§ **TASK PROMPT**
Only the number is needed: the count of lines in the records with the word "resp".

§ **DATASET EXCERPTS**
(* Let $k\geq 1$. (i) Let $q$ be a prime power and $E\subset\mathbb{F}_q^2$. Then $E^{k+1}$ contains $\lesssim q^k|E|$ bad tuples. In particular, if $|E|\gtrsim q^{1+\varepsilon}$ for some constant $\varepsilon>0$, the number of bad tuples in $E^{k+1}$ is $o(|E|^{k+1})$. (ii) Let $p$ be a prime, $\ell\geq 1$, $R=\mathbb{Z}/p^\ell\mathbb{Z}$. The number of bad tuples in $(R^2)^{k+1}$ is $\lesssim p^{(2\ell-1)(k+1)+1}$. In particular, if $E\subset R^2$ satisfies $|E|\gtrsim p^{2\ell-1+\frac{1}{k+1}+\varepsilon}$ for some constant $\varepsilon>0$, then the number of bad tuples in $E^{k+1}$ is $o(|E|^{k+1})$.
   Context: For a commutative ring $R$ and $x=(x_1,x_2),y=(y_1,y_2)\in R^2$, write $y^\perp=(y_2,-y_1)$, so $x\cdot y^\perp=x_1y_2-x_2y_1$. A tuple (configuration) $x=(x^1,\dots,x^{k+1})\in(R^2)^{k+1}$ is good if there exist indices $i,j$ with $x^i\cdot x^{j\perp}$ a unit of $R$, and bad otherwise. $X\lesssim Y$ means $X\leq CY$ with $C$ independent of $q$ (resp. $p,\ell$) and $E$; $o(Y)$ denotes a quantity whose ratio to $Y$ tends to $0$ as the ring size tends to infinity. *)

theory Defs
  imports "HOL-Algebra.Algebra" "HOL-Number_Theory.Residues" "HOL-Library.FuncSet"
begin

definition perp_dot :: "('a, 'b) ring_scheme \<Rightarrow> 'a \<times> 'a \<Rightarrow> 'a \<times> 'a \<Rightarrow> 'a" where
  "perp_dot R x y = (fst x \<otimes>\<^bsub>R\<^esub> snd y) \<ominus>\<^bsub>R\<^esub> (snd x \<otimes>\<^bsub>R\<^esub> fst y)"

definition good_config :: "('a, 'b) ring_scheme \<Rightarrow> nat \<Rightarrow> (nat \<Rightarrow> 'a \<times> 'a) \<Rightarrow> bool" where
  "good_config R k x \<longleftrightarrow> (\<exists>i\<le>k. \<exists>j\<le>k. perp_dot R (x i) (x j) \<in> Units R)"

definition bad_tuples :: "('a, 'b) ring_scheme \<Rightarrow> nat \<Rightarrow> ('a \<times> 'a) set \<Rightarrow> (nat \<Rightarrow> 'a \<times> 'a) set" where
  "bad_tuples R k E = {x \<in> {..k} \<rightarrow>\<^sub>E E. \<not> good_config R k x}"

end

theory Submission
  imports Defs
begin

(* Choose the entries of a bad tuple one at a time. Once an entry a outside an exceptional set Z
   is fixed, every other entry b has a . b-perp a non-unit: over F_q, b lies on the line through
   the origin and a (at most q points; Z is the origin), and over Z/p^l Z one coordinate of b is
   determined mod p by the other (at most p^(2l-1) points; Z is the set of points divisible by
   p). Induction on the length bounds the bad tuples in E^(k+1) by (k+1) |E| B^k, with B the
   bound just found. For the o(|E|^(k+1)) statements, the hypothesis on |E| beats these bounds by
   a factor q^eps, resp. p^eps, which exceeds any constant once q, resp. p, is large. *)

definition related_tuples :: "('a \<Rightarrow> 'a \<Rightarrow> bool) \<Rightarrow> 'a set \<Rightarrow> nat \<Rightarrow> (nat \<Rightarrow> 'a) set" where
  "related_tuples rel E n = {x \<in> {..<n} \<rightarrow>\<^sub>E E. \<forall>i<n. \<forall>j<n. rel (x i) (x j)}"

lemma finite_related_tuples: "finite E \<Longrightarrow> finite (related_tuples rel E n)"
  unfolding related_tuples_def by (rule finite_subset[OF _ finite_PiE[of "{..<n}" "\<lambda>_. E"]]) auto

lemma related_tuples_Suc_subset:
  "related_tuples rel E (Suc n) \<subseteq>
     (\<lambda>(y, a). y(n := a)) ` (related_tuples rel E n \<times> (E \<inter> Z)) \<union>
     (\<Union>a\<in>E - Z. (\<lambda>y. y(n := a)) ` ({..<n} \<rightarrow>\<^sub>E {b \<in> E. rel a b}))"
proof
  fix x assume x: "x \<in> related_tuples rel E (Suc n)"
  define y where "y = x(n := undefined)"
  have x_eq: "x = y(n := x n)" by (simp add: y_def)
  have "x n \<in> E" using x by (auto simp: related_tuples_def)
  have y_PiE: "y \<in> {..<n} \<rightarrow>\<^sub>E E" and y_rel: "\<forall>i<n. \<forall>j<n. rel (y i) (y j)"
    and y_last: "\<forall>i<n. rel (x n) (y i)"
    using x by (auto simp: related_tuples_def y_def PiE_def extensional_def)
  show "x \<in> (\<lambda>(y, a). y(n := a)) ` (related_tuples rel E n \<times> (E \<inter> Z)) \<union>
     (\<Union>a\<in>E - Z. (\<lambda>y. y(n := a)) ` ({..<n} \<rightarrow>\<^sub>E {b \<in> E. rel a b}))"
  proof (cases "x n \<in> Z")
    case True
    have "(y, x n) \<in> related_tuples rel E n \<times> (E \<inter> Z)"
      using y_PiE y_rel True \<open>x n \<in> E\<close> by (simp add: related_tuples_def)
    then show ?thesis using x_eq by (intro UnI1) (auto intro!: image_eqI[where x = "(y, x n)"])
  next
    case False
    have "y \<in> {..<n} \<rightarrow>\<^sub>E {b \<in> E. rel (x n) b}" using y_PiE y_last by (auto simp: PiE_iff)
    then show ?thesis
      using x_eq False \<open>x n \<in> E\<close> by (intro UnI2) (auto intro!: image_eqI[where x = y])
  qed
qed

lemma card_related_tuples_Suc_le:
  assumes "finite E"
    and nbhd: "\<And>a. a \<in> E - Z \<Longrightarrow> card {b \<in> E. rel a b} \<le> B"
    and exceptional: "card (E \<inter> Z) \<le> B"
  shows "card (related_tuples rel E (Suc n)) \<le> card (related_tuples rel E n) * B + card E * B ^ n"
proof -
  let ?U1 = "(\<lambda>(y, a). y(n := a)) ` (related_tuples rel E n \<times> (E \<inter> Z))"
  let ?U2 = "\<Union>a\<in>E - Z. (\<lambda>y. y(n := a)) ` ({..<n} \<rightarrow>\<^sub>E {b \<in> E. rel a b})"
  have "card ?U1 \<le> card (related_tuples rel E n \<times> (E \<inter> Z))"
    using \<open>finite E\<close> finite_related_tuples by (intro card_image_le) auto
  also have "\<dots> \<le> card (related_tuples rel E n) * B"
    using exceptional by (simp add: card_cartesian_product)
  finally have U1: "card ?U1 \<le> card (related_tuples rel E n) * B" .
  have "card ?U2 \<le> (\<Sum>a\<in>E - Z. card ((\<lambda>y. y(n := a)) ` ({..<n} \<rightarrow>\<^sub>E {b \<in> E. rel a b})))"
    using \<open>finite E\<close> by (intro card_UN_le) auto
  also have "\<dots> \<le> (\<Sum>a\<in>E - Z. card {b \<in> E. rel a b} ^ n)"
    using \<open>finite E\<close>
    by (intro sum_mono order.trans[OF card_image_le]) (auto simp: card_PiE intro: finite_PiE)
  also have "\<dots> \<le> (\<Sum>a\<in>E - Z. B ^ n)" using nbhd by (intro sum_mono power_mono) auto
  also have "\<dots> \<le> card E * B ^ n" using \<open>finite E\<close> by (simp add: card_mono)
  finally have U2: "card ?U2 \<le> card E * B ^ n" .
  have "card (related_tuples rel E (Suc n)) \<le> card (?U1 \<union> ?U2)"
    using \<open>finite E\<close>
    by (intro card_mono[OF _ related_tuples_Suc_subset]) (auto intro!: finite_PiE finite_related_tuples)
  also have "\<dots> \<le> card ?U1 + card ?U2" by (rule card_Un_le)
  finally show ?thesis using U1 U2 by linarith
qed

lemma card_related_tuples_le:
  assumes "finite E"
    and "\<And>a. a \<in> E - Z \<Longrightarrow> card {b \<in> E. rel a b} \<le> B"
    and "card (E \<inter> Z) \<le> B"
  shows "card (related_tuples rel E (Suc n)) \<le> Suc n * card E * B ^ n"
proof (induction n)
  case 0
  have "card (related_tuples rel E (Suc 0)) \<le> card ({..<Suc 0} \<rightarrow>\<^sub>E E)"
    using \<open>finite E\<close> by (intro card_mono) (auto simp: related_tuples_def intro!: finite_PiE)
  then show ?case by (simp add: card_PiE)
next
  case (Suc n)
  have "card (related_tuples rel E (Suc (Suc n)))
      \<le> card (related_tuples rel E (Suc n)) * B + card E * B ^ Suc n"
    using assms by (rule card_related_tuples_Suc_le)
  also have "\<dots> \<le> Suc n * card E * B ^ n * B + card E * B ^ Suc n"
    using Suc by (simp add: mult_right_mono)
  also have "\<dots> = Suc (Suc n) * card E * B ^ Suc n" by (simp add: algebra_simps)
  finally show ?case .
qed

§ **ANSWER SPACE**
2